→ **Task to carry out**
Report each line from the entries in which "longleftrightarrow" can be found.

→ **Extracted records**
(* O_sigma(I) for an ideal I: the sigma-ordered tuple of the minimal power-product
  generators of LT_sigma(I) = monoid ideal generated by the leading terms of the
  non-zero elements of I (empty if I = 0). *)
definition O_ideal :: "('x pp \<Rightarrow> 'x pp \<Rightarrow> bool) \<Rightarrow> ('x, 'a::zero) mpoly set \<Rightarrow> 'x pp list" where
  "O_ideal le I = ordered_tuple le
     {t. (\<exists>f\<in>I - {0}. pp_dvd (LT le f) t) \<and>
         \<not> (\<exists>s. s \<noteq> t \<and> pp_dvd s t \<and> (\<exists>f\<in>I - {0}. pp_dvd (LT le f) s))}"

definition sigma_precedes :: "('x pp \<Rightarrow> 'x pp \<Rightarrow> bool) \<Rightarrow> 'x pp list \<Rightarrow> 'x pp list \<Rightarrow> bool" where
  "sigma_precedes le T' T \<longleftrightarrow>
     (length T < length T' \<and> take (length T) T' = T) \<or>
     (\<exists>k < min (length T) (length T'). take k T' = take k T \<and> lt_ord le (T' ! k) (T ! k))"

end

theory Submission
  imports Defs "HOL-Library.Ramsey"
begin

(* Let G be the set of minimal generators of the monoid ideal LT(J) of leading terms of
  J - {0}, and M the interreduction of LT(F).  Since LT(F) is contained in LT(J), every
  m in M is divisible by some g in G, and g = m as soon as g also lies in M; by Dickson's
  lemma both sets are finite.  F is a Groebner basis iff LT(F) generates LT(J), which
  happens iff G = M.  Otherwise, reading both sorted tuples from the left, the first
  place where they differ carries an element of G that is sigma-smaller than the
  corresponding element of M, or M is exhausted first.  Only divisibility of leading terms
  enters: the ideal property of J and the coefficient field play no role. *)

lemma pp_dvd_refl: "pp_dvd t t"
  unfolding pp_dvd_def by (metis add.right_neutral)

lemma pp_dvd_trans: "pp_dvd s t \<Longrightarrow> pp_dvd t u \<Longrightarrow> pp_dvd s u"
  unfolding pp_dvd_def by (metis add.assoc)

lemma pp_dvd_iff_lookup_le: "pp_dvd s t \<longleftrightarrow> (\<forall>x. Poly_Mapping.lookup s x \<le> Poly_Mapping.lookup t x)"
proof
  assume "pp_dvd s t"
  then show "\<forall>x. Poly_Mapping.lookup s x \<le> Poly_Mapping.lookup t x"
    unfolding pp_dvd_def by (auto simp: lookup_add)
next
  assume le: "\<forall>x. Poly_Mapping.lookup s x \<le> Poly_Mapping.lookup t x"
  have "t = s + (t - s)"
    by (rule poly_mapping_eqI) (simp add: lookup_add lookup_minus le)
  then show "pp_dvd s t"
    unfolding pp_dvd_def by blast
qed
---
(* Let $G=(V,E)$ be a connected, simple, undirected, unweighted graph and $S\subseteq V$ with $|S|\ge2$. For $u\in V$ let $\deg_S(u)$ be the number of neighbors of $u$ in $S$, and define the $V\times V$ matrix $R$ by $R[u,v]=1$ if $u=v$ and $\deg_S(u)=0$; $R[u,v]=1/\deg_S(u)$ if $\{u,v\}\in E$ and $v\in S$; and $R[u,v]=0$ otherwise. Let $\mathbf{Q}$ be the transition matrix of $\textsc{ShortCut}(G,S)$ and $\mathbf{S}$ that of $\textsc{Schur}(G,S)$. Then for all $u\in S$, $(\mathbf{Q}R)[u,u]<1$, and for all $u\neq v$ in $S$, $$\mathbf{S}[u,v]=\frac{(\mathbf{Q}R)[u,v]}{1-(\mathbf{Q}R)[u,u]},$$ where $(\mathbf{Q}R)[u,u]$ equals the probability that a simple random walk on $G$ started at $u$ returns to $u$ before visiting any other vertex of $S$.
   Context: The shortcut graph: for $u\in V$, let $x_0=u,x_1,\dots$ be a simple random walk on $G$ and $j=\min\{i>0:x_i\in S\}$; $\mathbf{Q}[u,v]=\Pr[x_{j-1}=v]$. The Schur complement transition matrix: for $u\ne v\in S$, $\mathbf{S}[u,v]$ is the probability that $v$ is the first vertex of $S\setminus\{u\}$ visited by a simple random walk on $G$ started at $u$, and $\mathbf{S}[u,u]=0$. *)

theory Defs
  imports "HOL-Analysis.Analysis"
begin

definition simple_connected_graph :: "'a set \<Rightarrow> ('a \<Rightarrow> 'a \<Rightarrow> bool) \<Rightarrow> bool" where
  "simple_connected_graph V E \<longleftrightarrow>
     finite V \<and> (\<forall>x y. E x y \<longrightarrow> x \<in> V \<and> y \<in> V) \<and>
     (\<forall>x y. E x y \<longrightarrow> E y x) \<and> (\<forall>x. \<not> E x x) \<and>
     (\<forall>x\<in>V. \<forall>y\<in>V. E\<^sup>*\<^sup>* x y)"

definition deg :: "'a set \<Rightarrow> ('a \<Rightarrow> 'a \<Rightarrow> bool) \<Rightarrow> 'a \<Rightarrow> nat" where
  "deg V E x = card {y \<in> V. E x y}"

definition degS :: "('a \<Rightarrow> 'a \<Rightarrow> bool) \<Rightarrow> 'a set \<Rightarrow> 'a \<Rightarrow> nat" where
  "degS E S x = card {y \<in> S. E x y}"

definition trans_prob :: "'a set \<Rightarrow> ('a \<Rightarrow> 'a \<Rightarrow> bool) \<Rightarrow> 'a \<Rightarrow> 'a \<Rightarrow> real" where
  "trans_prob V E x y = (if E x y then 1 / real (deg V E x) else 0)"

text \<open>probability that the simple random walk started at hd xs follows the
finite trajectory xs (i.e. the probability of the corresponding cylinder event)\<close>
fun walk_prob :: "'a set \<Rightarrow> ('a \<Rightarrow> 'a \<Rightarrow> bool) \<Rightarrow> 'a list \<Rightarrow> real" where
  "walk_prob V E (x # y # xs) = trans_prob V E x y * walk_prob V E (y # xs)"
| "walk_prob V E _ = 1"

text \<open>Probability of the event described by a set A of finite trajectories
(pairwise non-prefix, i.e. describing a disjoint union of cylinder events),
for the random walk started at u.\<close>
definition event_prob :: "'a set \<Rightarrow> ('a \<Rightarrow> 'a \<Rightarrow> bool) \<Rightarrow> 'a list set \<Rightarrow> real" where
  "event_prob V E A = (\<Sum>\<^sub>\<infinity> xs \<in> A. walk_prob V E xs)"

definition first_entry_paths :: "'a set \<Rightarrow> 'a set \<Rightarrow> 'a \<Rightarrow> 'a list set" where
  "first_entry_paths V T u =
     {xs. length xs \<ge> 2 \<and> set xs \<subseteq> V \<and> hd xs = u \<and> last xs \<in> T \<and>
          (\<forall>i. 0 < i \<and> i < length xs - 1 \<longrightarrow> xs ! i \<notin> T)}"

→ **Task output**
  "sigma_precedes le T' T \<longleftrightarrow>
lemma pp_dvd_iff_lookup_le: "pp_dvd s t \<longleftrightarrow> (\<forall>x. Poly_Mapping.lookup s x \<le> Poly_Mapping.lookup t x)"
  "simple_connected_graph V E \<longleftrightarrow>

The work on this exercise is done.